TASK STATEMENT. Look for the word "obtains" in the material below, then report each line where it occurs.
*****
lemma path_enters_open_near_end:
  assumes "path g" "path_image g \<subseteq> S" "openin (top_of_set S) U" "g 1 \<in> U"
  obtains t where "1/2 \<le> t" "t < 1" "g t \<in> U"
proof -
  have "path (reversepath g)" "path_image (reversepath g) \<subseteq> S"
    using assms(1,2) by simp_all
  moreover have "reversepath g 0 \<in> U"
    using assms(4) by (simp add: reversepath_def)
  ultimately obtain t where "0 < t" "t \<le> 1/2" "reversepath g t \<in> U"
    using path_enters_open_near_start assms(3) by metis
  then show thesis
    using that[of "1 - t"] by (simp add: reversepath_def)
qed

lemma reversepath_image_atLeastLessThan: "reversepath g ` {0..<1} = g ` {0<..1}"
proof -
  have "(\<lambda>t. 1 - t) ` {0..<1} = {0<..1::real}"
    by (auto simp: image_iff intro!: bexI[of _ "1 - _"])
  then show ?thesis
    unfolding reversepath_def by (metis image_image)
qed

lemma joinpaths_image_greaterThanLessThan:
  "(f +++ g) ` {0<..<1} \<subseteq> f ` {0<..1} \<union> g ` {0..<1}"
proof
  fix y assume "y \<in> (f +++ g) ` {0<..<1}"
  then obtain t :: real where t: "0 < t" "t < 1" "y = (f +++ g) t"
    by auto
  show "y \<in> f ` {0<..1} \<union> g ` {0..<1}"
  proof (cases "t \<le> 1/2")
    case True
    then show ?thesis
      using t by (auto simp: joinpaths_def intro!: image_eqI[of _ _ "2 * t"])
  next
    case False
    then show ?thesis
      using t by (auto simp: joinpaths_def intro!: image_eqI[of _ _ "2 * t - 1"])
  qed
qed

lemma joinpaths_image_atLeastLessThan:
  "(f +++ g) ` {0..<1} \<subseteq> f ` {0..1} \<union> g ` {0..<1}"
proof
  fix y assume "y \<in> (f +++ g) ` {0..<1}"
  then obtain t :: real where t: "0 \<le> t" "t < 1" "y = (f +++ g) t"
    by auto
  show "y \<in> f ` {0..1} \<union> g ` {0..<1}"
  proof (cases "t \<le> 1/2")
    case True
    then show ?thesis
      using t by (auto simp: joinpaths_def intro!: image_eqI[of _ _ "2 * t"])
  next
    case False
    then show ?thesis
      using t by (auto simp: joinpaths_def intro!: image_eqI[of _ _ "2 * t - 1"])
  qed
qed

lemma msem_subset_cells: "msem K V \<phi> \<subseteq> cells K"
  by (induction \<phi>) auto

locale simplicial =
  fixes K :: "'a::euclidean_space set set"
  assumes simplicial_complex: "simplicial_complex K"
begin

lemma finite_complex: "finite K"
  using simplicial_complex unfolding simplicial_complex_def by blast

lemma simplex: "\<sigma> \<in> K \<Longrightarrow> is_simplex \<sigma>"
  using simplicial_complex unfolding simplicial_complex_def by blast

lemma face_of_mem: "\<sigma> \<in> K \<Longrightarrow> \<tau> face_of \<sigma> \<Longrightarrow> \<tau> \<in> K"
  using simplicial_complex sface_iff_face_of simplex unfolding simplicial_complex_def by blast

lemma Int_face_of: "\<sigma> \<in> K \<Longrightarrow> \<tau> \<in> K \<Longrightarrow> \<sigma> \<inter> \<tau> face_of \<sigma>"
  using simplicial_complex sface_iff_face_of simplex unfolding simplicial_complex_def by blast

lemma rel_interior_meets_imp_eq:
  assumes "\<sigma> \<in> K" "\<tau> \<in> K" "x \<in> rel_interior \<sigma>" "x \<in> rel_interior \<tau>"
  shows "\<sigma> = \<tau>"
proof -
  have "\<sigma> \<inter> \<tau> = \<sigma>" "\<tau> \<inter> \<sigma> = \<tau>"
    using Int_face_of assms face_of_disjoint_rel_interior rel_interior_subset by blast+
  then show ?thesis by blast
qed

lemma face_of_if_rel_interior_meets:
  assumes "\<tau> \<in> K" "\<rho> \<in> K" "x \<in> \<tau>" "x \<in> rel_interior \<rho>"
  shows "\<rho> face_of \<tau>"
proof -
  obtain \<rho>' where "\<rho>' face_of \<tau>" "x \<in> rel_interior \<rho>'"
    using simplex_mem_rel_interior_face[OF simplex[OF assms(1)] assms(3)] .
  then show ?thesis
    using face_of_mem rel_interior_meets_imp_eq assms by metis
qed

lemma mem_rel_interior_simplex:
  assumes "x \<in> \<Union>K"
  obtains \<sigma> where "\<sigma> \<in> K" "x \<in> rel_interior \<sigma>"
  using assms simplex_mem_rel_interior_face face_of_mem simplex by (metis UnionE)

lemma cell_eq: "\<sigma> \<in> K \<Longrightarrow> cell \<sigma> = rel_interior \<sigma>"
  using cell_eq_rel_interior simplex by blast

lemma rel_interior_eq_empty_iff: "\<sigma> \<in> K \<Longrightarrow> rel_interior \<sigma> = {} \<longleftrightarrow> \<sigma> = {}"
  using rel_interior_eq_empty is_simplex_convex simplex by blast

lemma cells_eq: "cells K = {rel_interior \<sigma> | \<sigma>. \<sigma> \<in> K \<and> \<sigma> \<noteq> {}}"
  unfolding cells_def using cell_eq by auto

lemma cacc_iff_face_of:
  assumes "\<sigma> \<in> K" "\<tau> \<in> K" "\<sigma> \<noteq> {}" "\<tau> \<noteq> {}"
  shows "cacc K (rel_interior \<sigma>) (rel_interior \<tau>) \<longleftrightarrow> \<sigma> face_of \<tau>"
proof
  have ri_inj: "\<sigma>' = \<sigma>''" if "\<sigma>' \<in> K" "\<sigma>'' \<in> K" "\<sigma>' \<noteq> {}"
    "rel_interior \<sigma>' = rel_interior \<sigma>''" for \<sigma>' \<sigma>''
    using that rel_interior_meets_imp_eq rel_interior_eq_empty_iff by blast
  assume "cacc K (rel_interior \<sigma>) (rel_interior \<tau>)"
  then obtain \<sigma>' \<tau>' where "\<sigma>' \<in> K" "\<tau>' \<in> K" "\<sigma>' \<noteq> {}" "\<tau>' \<noteq> {}"
    "rel_interior \<sigma> = rel_interior \<sigma>'" "rel_interior \<tau> = rel_interior \<tau>'" "sface \<sigma>' \<tau>'"
    unfolding cacc_def using cell_eq by metis
  then show "\<sigma> face_of \<tau>"
    using ri_inj assms sface_iff_face_of simplex by metis
next
  assume "\<sigma> face_of \<tau>"
  then show "cacc K (rel_interior \<sigma>) (rel_interior \<tau>)"
    unfolding cacc_def using assms cell_eq sface_iff_face_of simplex by metis
qed

lemma caccE:
  assumes "cacc K c d"
  obtains \<sigma> \<tau> where "\<sigma> \<in> K" "\<tau> \<in> K" "\<sigma> \<noteq> {}" "c = rel_interior \<sigma>" "d = rel_interior \<tau>"
    "\<sigma> face_of \<tau>"
  using assms cell_eq sface_iff_face_of simplex unfolding cacc_def by metis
*****
ANSWER.
  obtains t where "1/2 \<le> t" "t < 1" "g t \<in> U"
  obtains \<sigma> where "\<sigma> \<in> K" "x \<in> rel_interior \<sigma>"
  obtains \<sigma> \<tau> where "\<sigma> \<in> K" "\<tau> \<in> K" "\<sigma> \<noteq> {}" "c = rel_interior \<sigma>" "d = rel_interior \<tau>"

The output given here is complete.